Sheet Metal Workers Local 36 training program back on track after pandemic disruption



60 PERCENT of the training at Sheet Metal Workers Local 36 Apprenticeship and Training Center involves a hands-on aspect, which made virtual learning nearly impossible. Here, apprentices Zack Etherton (left) and Ben Archibee work on the shop floor where they are socially distanced and both wearing masks. – Labor Tribune photo

While online learning may be the new norm for the students because of the coronavirus pandemic, that’s definitely not the case for apprentices and journeypersons at Sheet Metal Workers Local 36 in St. Louis.

St. Louis City COVID-19 mandates forced the Local 36 Apprenticeship and Training Center to shut down the second week of March, said Local 36 Training Director Joe Kehder. The center was able to reopen on June 1, although things look a lot different.

“We’re as back to normal as we can be,” Kehder told the Labor Tribune. “We’ve implemented all the Centers for Disease Control protocol and the city’s mandates related to COVID-19 pandemic.”

Kehder said the center considered virtual training, but since the majority of what is taught at the school involves a hands-on aspect, distance learning wasn’t an option.
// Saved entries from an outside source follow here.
lemma second_moment_le_of_quadratic_growth:
  fixes W :: "'a::euclidean_space \<Rightarrow> real"
  assumes cont: "continuous_on UNIV W" and M: "M > 0" and \<rho>: "\<rho> > 0"
    and big: "real DIM('a) + 2 \<le> M * \<rho>\<^sup>2"
    and grow: "\<And>x. \<rho> < norm x \<Longrightarrow> W x + 5/8 * M * (norm x)\<^sup>2 \<le> W ((3/2) *\<^sub>R x)"
  shows "0 < (\<integral>\<^sup>+x. ennreal (exp (- W x)) \<partial>lborel)" "(\<integral>\<^sup>+x. ennreal (exp (- W x)) \<partial>lborel) < \<infinity>"
    "(\<integral>\<^sup>+x. ennreal ((norm x)\<^sup>2 * exp (- W x)) \<partial>lborel)
       \<le> ennreal (18/5 * \<rho>\<^sup>2) * (\<integral>\<^sup>+x. ennreal (exp (- W x)) \<partial>lborel)"
proof -
  note decay = exp_neg_decay_of_quadratic_growth[OF M \<rho> big grow]
  have cont_f: "continuous_on UNIV (\<lambda>x. exp (- W x))"
    by (intro continuous_intros cont)
  have "(1::real) < 3/2" "(0::real) \<le> (41/50) ^ 3" "(0::real) \<le> (2/5) ^ 3" "(2/5::real) ^ 3 < 1"
    by (simp_all add: power3_eq_cube)
  note scaling = cont_f exp_gt_zero \<rho> this decay(1) decay(2)
  show "0 < (\<integral>\<^sup>+x. ennreal (exp (- W x)) \<partial>lborel)"
    by (intro nn_integral_lborel_pos borel_measurable_continuous_onI cont_f exp_gt_zero)
  show "(\<integral>\<^sup>+x. ennreal (exp (- W x)) \<partial>lborel) < \<infinity>"
    using nn_integral_finite_by_scaling[OF scaling] by simp
  have "ennreal ((3/2)\<^sup>2 * \<rho>\<^sup>2 * (1 + (41/50) ^ 3 / (1 - (2/5) ^ 3))) \<le> ennreal (18/5 * \<rho>\<^sup>2)"
    by (intro ennreal_leI) (simp add: power2_eq_square power3_eq_cube)
  from order.trans[OF second_moment_le_by_scaling[OF scaling] mult_right_mono[OF this]]
  show "(\<integral>\<^sup>+x. ennreal ((norm x)\<^sup>2 * exp (- W x)) \<partial>lborel)
       \<le> ennreal (18/5 * \<rho>\<^sup>2) * (\<integral>\<^sup>+x. ennreal (exp (- W x)) \<partial>lborel)"
    by simp
qed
“While on-line training might work for a limited amount of coursework, about 60 percent of our training is hands-on and that can’t be taught virtually,” he said.

The new guidelines to enter the Local 36 Apprenticeship and Training Center include answering two sheets of questions related to  COVID-19 and a temperature scan. Once in the building, masks are required to be worn at all times and six feet of social distance is enforced between members.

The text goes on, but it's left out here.